In London, Ontario, the best time to downsize is before health, finances, or family pressure forces the decision. Research shows homeowners who begin planning their move well in advance consistently achieve stronger sale outcomes — and in the $700,000 to $1.2 million range where most established London homeowners are positioned, that difference is measured in tens of thousands of dollars. Waiting until the decision is urgent compresses the timeline, shortens preparation, and hands the buyer negotiating leverage. The conversation that starts early costs nothing and commits you to nothing. Ty Lacroix, Broker at The Envelope Real Estate Group, has guided London homeowners through downsizing transitions for 24 years — and the ones who move well almost always started the conversation before they had to.
I want to tell you about two people I knew.
They loved their home. Thirty-plus years in the same neighbourhood — they knew every neighbour, every crack in the sidewalk, every corner of the garden they had built with their own hands. The backyard was their pride. The house was their identity.
For years, their adult children suggested it was time. A bungalow. A townhome. Something without stairs, without the maintenance, without the weight of a property that had grown larger than two people needed.
Stubbornness said no. Pride said no.
Then the body started making the decision for them.
The stairs became a problem. The garden became a burden. Snow clearing, repairs, upkeep — they hired it out, but it was never done to their standards. Managing the house took more energy than they had left to give it.
Eventually, they listened. They sold. They moved to a lovely two-bedroom plus den in a nearby retirement building. New neighbours. Less worry. More time.
"I wish we had done this sooner," was all I heard after they moved.
Within two months, one of them was gone.
The Cost of Waiting
That story isn't unusual. It plays out in London, Ontario, every year — families managing a transition under pressure, in grief, or against a health timeline that doesn't wait for market conditions to improve.
What makes it painful isn't just the emotional weight. It's that waiting almost always costs money, too.
When the decision is made under pressure — a fall, a diagnosis, a family intervention — the timeline compresses. Preparation gets cut short. The home goes to market before it's ready. Pricing decisions get made in a hurry. Buyers sense urgency and negotiate accordingly.
That sale money belongs to the family. Whether it goes to the next chapter of their life or gets left behind at closing depends almost entirely on when the conversation started.
What "Too Late" Actually Looks Like
There is no single moment when it becomes too late. It arrives gradually, then all at once.

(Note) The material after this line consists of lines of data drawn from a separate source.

lemma vertex_eq_interval_sum:
  assumes "1 \<le> t"
  shows "vertex t s = (real t / 2, 0) + interval_sum (S t) (vvec t) 0 s"
proof -
  have zero: "0 \<in> S t"
    using assms by (simp add: S_def)
  have v0: "vvec t 0 = (real t, 0)"
    by (simp add: vvec_def)
  show ?thesis
  proof (cases "0 \<le> s")
    case True
    have "{s'\<in>S t. 0 \<le> s' \<and> s' \<le> s} = insert 0 (S t \<inter> {0<..s})"
      using True zero by auto
    then have "(\<Sum>s'\<in>{s'\<in>S t. 0 \<le> s' \<and> s' \<le> s}. vvec t s') = vvec t 0 + sum (vvec t) (S t \<inter> {0<..s})"
      by (simp add: finite_S_Ioc)
    then show ?thesis
      using True by (simp add: vertex_def interval_sum_def v0)
  next
    case False
    have "S t \<inter> {s<..0} = insert 0 {s'\<in>S t. s < s' \<and> s' < 0}"
      using False zero by auto
    moreover have "finite {s'\<in>S t. s < s' \<and> s' < 0}"
      by (rule finite_subset[OF _ finite_S_Ioc[of t s 0]]) auto
    ultimately have "sum (vvec t) (S t \<inter> {s<..0}) = vvec t 0 + (\<Sum>s'\<in>{s'\<in>S t. s < s' \<and> s' < 0}. vvec t s')"
      by simp
    then show ?thesis
      using False by (simp add: vertex_def interval_sum_def v0)
  qed
qed

lemma interval_sum_0_1: "interval_sum (S t) (vvec t) 0 1 = (real (H t), (real (H t) + real t) / 2)"
proof -
  let ?P = "SIGMA x:{1..t}. totatives x"
  have "interval_sum (S t) (vvec t) 0 1 = (\<Sum>(x, y)\<in>?P. vvec t (of_nat y / of_nat x))"
    using sum.reindex_bij_betw[OF bij_betw_totatives_S_Ioc, of "vvec t"]
    by (simp add: interval_sum_def case_prod_beta)
  also have "\<dots> = (\<Sum>(x, y)\<in>?P. (real (t div x * x), real (t div x * y)))"
    by (rule sum.cong) (auto simp: vvec_totative)
  also have "\<dots> = (real (\<Sum>(x, y)\<in>?P. t div x * x), real (\<Sum>(x, y)\<in>?P. t div x * y))"
    by (simp add: prod_eq_iff fst_sum snd_sum case_prod_beta)
  also have "\<dots> = (real (H t), (real (H t) + real t) / 2)"
  proof -
    have "real (\<Sum>(x, y)\<in>?P. t div x * y) = (real (H t) + real t) / 2"
      using arg_cong[OF twice_weighted_totative_sum[of t], of real] by simp
    moreover have "(\<Sum>(x, y)\<in>?P. t div x * x) = H t"
      unfolding H_def H_index_set_eq ..
    ultimately show ?thesis
      by simp
  qed
  finally show ?thesis .
qed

It looks like a home that needs $40,000 in updates before it shows well — updates that nobody has the energy or time to manage properly. It looks like an accepted offer, conditional on finding suitable housing, with no clear plan for where suitable housing actually is. It looks like a buyer who senses the seller needs to move and offers accordingly.
Most of the London homeowners I've worked with in this situation say the same thing afterward: they knew, for at least a year before they called, that the conversation was coming. They just weren't ready to have it.

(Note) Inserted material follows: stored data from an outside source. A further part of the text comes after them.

theorem mainTheorem12:
  fixes M :: "'o measure" and N :: "'v measure"
    and \<mu> :: "'a::euclidean_space measure" and \<U> :: "'a set"
    and U :: "nat \<Rightarrow> 'o \<Rightarrow> 'a" and Z :: "'o \<Rightarrow> nat" and \<nu> :: "'o \<Rightarrow> 'v"
    and \<delta> :: "nat \<Rightarrow> 'v \<Rightarrow> nat"
    and q :: "nat \<Rightarrow> 'a \<Rightarrow> 'a" and Dq :: "nat \<Rightarrow> 'a \<Rightarrow> ('a \<Rightarrow>\<^sub>L 'a)"
    and f :: "nat \<Rightarrow> nat \<Rightarrow> 'a \<Rightarrow> real"
    and lam_lo lam_hi :: real
  defines "D \<equiv> (\<lambda>\<omega>. \<delta> (Z \<omega>) (\<nu> \<omega>))"
    and "Y \<equiv> (\<lambda>\<omega>. q (\<delta> (Z \<omega>) (\<nu> \<omega>)) (U (\<delta> (Z \<omega>) (\<nu> \<omega>)) \<omega>))"
    and "\<Y> \<equiv> (\<lambda>d. support_of (distr M borel (\<lambda>\<omega>. q d (U d \<omega>))))"
  assumes M: "prob_space M"
    and lam: "0 < lam_lo" "lam_lo < lam_hi"
    and U_set: "compact \<U>" "convex \<U>" "piecewise_C1_boundary \<U>"
    and mu: "sets \<mu> = sets borel" "prob_space \<mu>" "absolutely_continuous lborel \<mu>"
            "support_of \<mu> = \<U>"
    and A1: "\<forall>d\<in>{0,1}. U d \<in> borel_measurable M \<and> distr M borel (U d) = \<mu>"
    and Z_meas: "Z \<in> measurable M (count_space UNIV)" "\<forall>\<omega>\<in>space M. Z \<omega> \<in> {0,1}"
    and A2: "\<forall>d\<in>{0,1}. \<forall>A\<in>sets borel. \<forall>B::nat set.
               measure M {\<omega>\<in>space M. U d \<omega> \<in> A \<and> Z \<omega> \<in> B}
               = measure M {\<omega>\<in>space M. U d \<omega> \<in> A} * measure M {\<omega>\<in>space M. Z \<omega> \<in> B}"
    and A3: "\<nu> \<in> measurable M N"
            "(\<lambda>(z,v). \<delta> z v) \<in> measurable (count_space UNIV \<Otimes>\<^sub>M N) (count_space UNIV)"
            "\<forall>z\<in>{0,1}. \<forall>v\<in>space N. \<delta> z v \<in> {0,1}"
    and A4: "cond_ident_distr M
               (vimage_algebra (space M) (\<lambda>\<omega>. (Z \<omega>, \<nu> \<omega>)) (count_space UNIV \<Otimes>\<^sub>M N))
               (U 0) (U 1)"
    and As2: "\<forall>d\<in>{0,1}. (\<forall>u\<in>\<U>. (q d has_derivative blinfun_apply (Dq d u)) (at u within \<U>))
               \<and> C1_on \<U> (Dq d) \<and> (\<forall>u\<in>\<U>. sym_pd_eig_between lam_lo lam_hi (Dq d u))"
    and As3: "\<forall>d\<in>{0,1}. compact (\<Y> d) \<and> convex (\<Y> d) \<and> piecewise_C2_boundary (\<Y> d)"
    and Zpos: "\<forall>z\<in>{0,1}. measure M {\<omega>\<in>space M. Z \<omega> = z} > 0"
    and dens: "\<forall>d\<in>{0,1}. \<forall>z\<in>{0,1}. f d z \<in> borel_measurable borel \<and> (\<forall>y. f d z y \<ge> 0)
               \<and> (\<forall>B\<in>sets borel.
                    ennreal (measure M {\<omega>\<in>space M. Y \<omega> \<in> B \<and> D \<omega> = d \<and> Z \<omega> = z}
                             / measure M {\<omega>\<in>space M. Z \<omega> = z})
                    = (\<integral>\<^sup>+ y. indicator B y * ennreal (f d z y) \<partial>lborel))
               \<and> (\<forall>y. y \<notin> \<Y> d \<longrightarrow> f d z y = 0)"
    and As4: "\<forall>d\<in>{0,1}. \<forall>z\<in>{0,1}. C1_on (\<Y> d) (f d z)"
    and ineq: "AE y in (lborel :: ('a \<times> 'a) measure).
                 fst y \<in> \<Y> 0 \<and> snd y \<in> \<Y> 1 \<longrightarrow>
                 4 * f 0 0 (fst y) * f 1 1 (snd y)
                   > (lam_hi / lam_lo) ^ (DIM('a) + 1) * (f 0 1 (fst y) + f 1 0 (snd y))\<^sup>2"
  shows "\<forall>d\<in>{0,1}. \<Y> d = (\<Union>z\<in>{0,1}. closure {y. f d z y > 0})"
proof -
  interpret prob_space M by (rule M)
  have U_d: "U d \<in> borel_measurable M" "AE \<omega> in M. U d \<omega> \<in> \<U>"
    "absolutely_continuous lborel (distr M borel (U d))" if "d \<in> {0,1}" for d
    using A1 AE_in_support_of_distr_measurable[of "U d" M] mu(3,4) that by auto
  have q_deriv: "\<And>u. u \<in> \<U> \<Longrightarrow> (q d has_derivative Dq d u) (at u within \<U>)"
    and Dq_cont: "continuous_on \<U> (Dq d)"
    and Dq_pos_def: "\<And>u x. u \<in> \<U> \<Longrightarrow> x \<noteq> 0 \<Longrightarrow> Dq d u x \<bullet> x > 0"
    if "d \<in> {0,1}" for d
    using As2 that C1_on_imp_continuous_on by (auto simp: sym_pd_eig_between_def)
  have f_nonneg: "f d z y \<ge> 0" and f_out: "y \<notin> \<Y> d \<Longrightarrow> f d z y = 0"
    and density: "B \<in> sets borel \<Longrightarrow>
      ennreal (prob {\<omega> \<in> space M. Y \<omega> \<in> B \<and> D \<omega> = d \<and> Z \<omega> = z} / prob {\<omega> \<in> space M. Z \<omega> = z})
        = (\<integral>\<^sup>+ y. indicator B y * ennreal (f d z y) \<partial>lborel)"
    if "d \<in> {0,1}" "z \<in> {0,1}" for d z y B
    using dens that by blast+
  have D_meas: "D \<in> measurable M (count_space UNIV)"
    using measurable_comp[OF measurable_Pair[OF Z_meas(1) A3(1)] A3(2)] by (simp add: D_def o_def)
  have D_01: "D \<omega> \<in> {0,1}" if "\<omega> \<in> space M" for \<omega>
    using A3(3) Z_meas(2) measurable_space[OF A3(1) that] that unfolding D_def by blast
  have interior_nonempty: "interior (\<Y> d) \<noteq> {}" if d: "d \<in> {0,1}" and "\<Y> d \<noteq> {}" for d
    using interior_support_of_distr_nonempty[OF U_d[OF d] U_set(1,2) q_deriv[OF d] Dq_cont[OF d]
        Dq_pos_def[OF d]] As3 d \<open>\<Y> d \<noteq> {}\<close> by (auto simp: \<Y>_def)
  have "\<Y> d \<subseteq> closure {y. f d 0 y > 0} \<union> closure {y. f d 1 y > 0}" if d: "d \<in> {0,1}" for d
  proof (cases "\<Y> (1 - d) = {}")
    case False
    have "\<Y> d \<subseteq> closure {y. f d d y > 0}"
    proof (cases "\<Y> d = {}")
      case False
      then have "interior (\<Y> k) \<noteq> {}" if "k \<in> {0,1}" for k
        using interior_nonempty \<open>\<Y> (1 - d) \<noteq> {}\<close> that d by fastforce
      then show ?thesis
        using subset_closure_diagonal_density[OF ineq _ _ _ _ d] lam f_nonneg As3 by auto
    qed simp
    then show ?thesis
      using d by auto
  next
    case True
    \<comment> \<open>Laws of random variables have nonempty support, so this case only arises when
      q (1 - d) \<circ> U (1 - d) is not measurable.\<close>
    have "AE \<omega> in M. D \<omega> \<noteq> 1 - d"
      by (rule AE_ne_if_densities_vanish[OF D_meas Z_meas(1), where Y = Y and g = "f (1 - d)"])
        (use Z_meas(2) Zpos density f_out True d in auto)
    then have AE_D: "AE \<omega> in M. D \<omega> = d"
      using AE_space by eventually_elim (use D_01 d in fastforce)
    have "\<Y> d \<subseteq> closure {y. f d 0 y > 0}"
      unfolding \<Y>_def
    proof (rule support_of_distr_subset_closure_density[OF U_d(1,2)[OF d]
          compact_imp_closed[OF U_set(1)] has_derivative_continuous_on[OF q_deriv[OF d]]
          D_meas Z_meas(1) AE_D])
      show "Y \<omega> = q d (U d \<omega>)" if "D \<omega> = d" for \<omega>
        using that by (simp add: Y_def D_def)
      show "prob {\<omega> \<in> space M. U d \<omega> \<in> A \<and> Z \<omega> \<in> {0}}
          = prob {\<omega> \<in> space M. U d \<omega> \<in> A} * prob {\<omega> \<in> space M. Z \<omega> \<in> {0}}"
        if "A \<in> sets borel" for A
        using A2 d that by blast
    qed (use Zpos density d in auto)
    then show ?thesis
      by blast
  qed
  moreover have "closure {y. f d z y > 0} \<subseteq> \<Y> d" if "d \<in> {0,1}" "z \<in> {0,1}" for d z
  proof (rule closure_minimal)
    show "{y. f d z y > 0} \<subseteq> \<Y> d"
      using f_out[OF that] by (metis less_irrefl mem_Collect_eq subsetI)
    show "closed (\<Y> d)"
      unfolding \<Y>_def by (rule closed_support_of)
  qed
  ultimately show ?thesis
    by (simp add: subset_antisym)
qed

end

The conversation itself doesn't commit anyone to anything. It's just information — what the home is worth in today's market, what the realistic options are, what a transition on their own terms actually looks like. That information is worth having before the decision is urgent.
What Moving on Your Terms Looks Like
When the timing is yours to control, everything changes.
You choose when the home goes to market — ideally spring or early fall, when qualified buyer activity in established London neighbourhoods like Byron, Riverbend, and Sunningdale is strongest. You have time to address the two or three things that affect presentation and pricing without rushing. You can search for the right next home without a closing date forcing your hand.
Most importantly, you make the decision from a position of clarity — not crisis.
The homeowners who move well in this market are almost always the ones who started the conversation six to twelve months before they needed to. Not because they were more organized. Because they gave themselves room to think.
If You're Thinking About This Right Now
You don't need to be ready to move to have this conversation. You just need to be thinking about it.
That's enough to start. And starting while the timing is still yours is the single most protective thing you can do.